News Releases from Region 02
EPA Issues Cleanup Plan for Superfund Site in Warren County, N.J.
Public Meeting June 21
(New York, N.Y. – June 15, 2016) The U.S. Environmental Protection Agency has proposed a plan to address contaminated soil at the former American National Can facility in Washington Township as part of the ongoing cleanup of the Pohatcong Valley Groundwater Contamination Superfund site. The Pohatcong site is contaminated with trichloroethylene (TCE) and perchloroethylene (PCE), which can have serious health effects.
The EPA will hold a public meeting on June 21 to explain the proposed plan and is encouraging public comments. The meeting will be held at 6:30 p.m. at the Washington Borough Municipal building, 100 Belvidere Avenue, Washington, NJ 07882. Comments will be accepted until July 15.
“The EPA plan advances the cleanup and will help protect people’s health,” said EPA Regional Administrator Judith A. Enck. “The area beneath the former American National Can facility is a continuing source of chemical contamination that will be addressed in this part of the cleanup.”
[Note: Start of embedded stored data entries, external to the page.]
lemma lp_feasible_shrink_budget:
  assumes T: "T \<in> lp_feasible d N xh w (\<epsilon> + \<delta>) x"
    and "0 \<le> \<epsilon>" and "0 < \<delta>" and d_nonneg: "\<And>j. j \<in> {1..N} \<Longrightarrow> 0 \<le> d x (xh j)"
  shows "\<exists>T'\<in>lp_feasible d N xh w \<epsilon> x.
           (\<Sum>j=1..N. T j) \<le> (\<Sum>j=1..N. T' j) + \<delta> * (\<Sum>j=1..N. 1 / d x (xh j))"
proof -
  \<comment> \<open>Since 1 / 0 = 0, coordinates with d x (xh j) = 0 contribute nothing to the error term; they
    are left unscaled.\<close>
  define \<theta> where "\<theta> = \<epsilon> / (\<epsilon> + \<delta>)"
  define T' where "T' j = (if d x (xh j) = 0 then T j else \<theta> * T j)" for j
  have T_bounds: "0 \<le> T j" "T j \<le> w j" if "j \<in> {1..N}" for j
    using T that unfolding lp_feasible_def by auto
  have cost_terms: "0 \<le> d x (xh j) * T j" if "j \<in> {1..N}" for j
    using d_nonneg[OF that] T_bounds[OF that] by simp
  have cost: "(\<Sum>j=1..N. d x (xh j) * T j) \<le> \<epsilon> + \<delta>"
    using T unfolding lp_feasible_def by auto
  have "0 \<le> \<theta>" "\<theta> \<le> 1" unfolding \<theta>_def using assms by auto
  have "(\<Sum>j=1..N. d x (xh j) * T' j) = \<theta> * (\<Sum>j=1..N. d x (xh j) * T j)"
    unfolding T'_def sum_distrib_left by (intro sum.cong) auto
  also have "\<dots> \<le> \<theta> * (\<epsilon> + \<delta>)"
    using cost \<open>0 \<le> \<theta>\<close> by (rule mult_left_mono)
  also have "\<dots> = \<epsilon>" unfolding \<theta>_def using assms by simp
  finally have "(\<Sum>j=1..N. d x (xh j) * T' j) \<le> \<epsilon>" .
  moreover have "0 \<le> T' j \<and> T' j \<le> w j" if "j \<in> {1..N}" for j
    using T_bounds[OF that] mult_left_le_one_le[OF T_bounds(1)[OF that] \<open>0 \<le> \<theta>\<close> \<open>\<theta> \<le> 1\<close>]
      \<open>0 \<le> \<theta>\<close> unfolding T'_def by auto
  ultimately have T'_feasible: "T' \<in> lp_feasible d N xh w \<epsilon> x"
    unfolding lp_feasible_def by blast
  have gap: "T j - T' j \<le> \<delta> * (1 / d x (xh j))" if j: "j \<in> {1..N}" for j
  proof (cases "d x (xh j) = 0")
    case False
    then have "0 < d x (xh j)" using d_nonneg[OF j] by simp
    have "d x (xh j) * T j \<le> (\<Sum>i=1..N. d x (xh i) * T i)"
      using cost_terms j by (intro member_le_sum) auto
    then have "d x (xh j) * T j \<le> \<epsilon> + \<delta>" using cost by linarith
    then have "T j \<le> (\<epsilon> + \<delta>) / d x (xh j)"
      using \<open>0 < d x (xh j)\<close> by (simp add: pos_le_divide_eq mult.commute)
    then have "\<delta> / (\<epsilon> + \<delta>) * T j \<le> \<delta> / (\<epsilon> + \<delta>) * ((\<epsilon> + \<delta>) / d x (xh j))"
      using assms by (intro mult_left_mono) auto
    moreover have "T j - T' j = \<delta> / (\<epsilon> + \<delta>) * T j"
      using False assms unfolding T'_def \<theta>_def by (simp add: field_simps)
    ultimately show ?thesis using assms by simp
  qed (simp add: T'_def)
  have "(\<Sum>j=1..N. T j) - (\<Sum>j=1..N. T' j) \<le> \<delta> * (\<Sum>j=1..N. 1 / d x (xh j))"
    using gap unfolding sum_subtractf[symmetric] sum_distrib_left by (rule sum_mono)
  with T'_feasible show ?thesis by (intro bexI) auto
qed

locale pmf_on_points =
  fixes N :: nat and xh :: "nat \<Rightarrow> 'a" and w :: "nat \<Rightarrow> real" and \<nu>h :: "'a pmf"
  assumes inj_xh: "inj_on xh {1..N}"
    and pmf_\<nu>h: "\<And>y. pmf \<nu>h y = (\<Sum>j=1..N. if xh j = y then w j else 0)"
begin

lemma sum_if_xh_eq:
  assumes "k \<in> {1..N}"
  shows "(\<Sum>j=1..N. if xh j = xh k then g j else 0) = g k"
proof -
  have "(\<Sum>j=1..N. if xh j = xh k then g j else 0) = (\<Sum>j=1..N. if j = k then g j else 0)"
    using inj_xh assms by (intro sum.cong) (auto dest: inj_onD)
  also have "\<dots> = g k" using assms by simp
  finally show ?thesis .
qed

lemma pmf_xh: "k \<in> {1..N} \<Longrightarrow> pmf \<nu>h (xh k) = w k"
  unfolding pmf_\<nu>h by (rule sum_if_xh_eq)

lemma w_nonneg: "k \<in> {1..N} \<Longrightarrow> 0 \<le> w k"
  using pmf_xh pmf_nonneg by metis

lemma set_pmf_subset: "set_pmf \<nu>h \<subseteq> xh ` {1..N}"
proof
  fix y assume "y \<in> set_pmf \<nu>h"
  show "y \<in> xh ` {1..N}"
  proof (rule ccontr)
    assume "y \<notin> xh ` {1..N}"
    then have "pmf \<nu>h y = 0" unfolding pmf_\<nu>h by (intro sum.neutral) auto
    with \<open>y \<in> set_pmf \<nu>h\<close> show False by (simp add: set_pmf_iff)
  qed
qed

lemma integral_eq_sum: "(\<integral>y. f y \<partial>measure_pmf \<nu>h) = (\<Sum>k=1..N. f (xh k) * w k)"
proof -
  have "(\<integral>y. f y \<partial>measure_pmf \<nu>h) = (\<Sum>y\<in>xh ` {1..N}. f y * pmf \<nu>h y)"
    using set_pmf_subset by (intro integral_measure_pmf_real) auto
  then show ?thesis unfolding sum.reindex[OF inj_xh] by (simp add: pmf_xh)
qed

lemma nn_integral_eq_sum:
  "(\<integral>\<^sup>+y. f y \<partial>measure_pmf \<nu>h) = (\<Sum>k=1..N. f (xh k) * ennreal (w k))"
proof -
  have "(\<integral>\<^sup>+y. f y \<partial>measure_pmf \<nu>h) = (\<Sum>y\<in>xh ` {1..N}. f y * pmf \<nu>h y)"
    using set_pmf_subset by (intro nn_integral_measure_pmf_support) auto
  then show ?thesis unfolding sum.reindex[OF inj_xh] by (simp add: pmf_xh)
qed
The EPA added the Pohatcong site to the Superfund list in 1989 because of elevated levels of volatile organic contaminants including TCE and PCE in the groundwater. These contaminants, both of which can have serious health impacts including liver damage and increased risk of cancer, were detected in public supply wells, which are now treated to meet drinking water standards before the water is distributed. The site includes a contaminated groundwater plume that is approximately eight and a half miles long and approximately one and a half miles wide, nearly 9,800 acres.
Because of the size and complexity of the site, EPA divided the site into three parts. One part of the cleanup is the contaminated soil at and around the former American National Can facility in Washington Township. The EPA has determined that the primary source of TCE contamination in this area is in the soil underlying the former American National Can facility, which has a long history of industrial use under prior owners and operators, was previously owned and operated by Pechiney Plastic Packaging, Inc. in the 1990s, and is currently owned and operated by Albéa Americas, Inc. This part of the comprehensive cleanup is the focus of this proposed plan.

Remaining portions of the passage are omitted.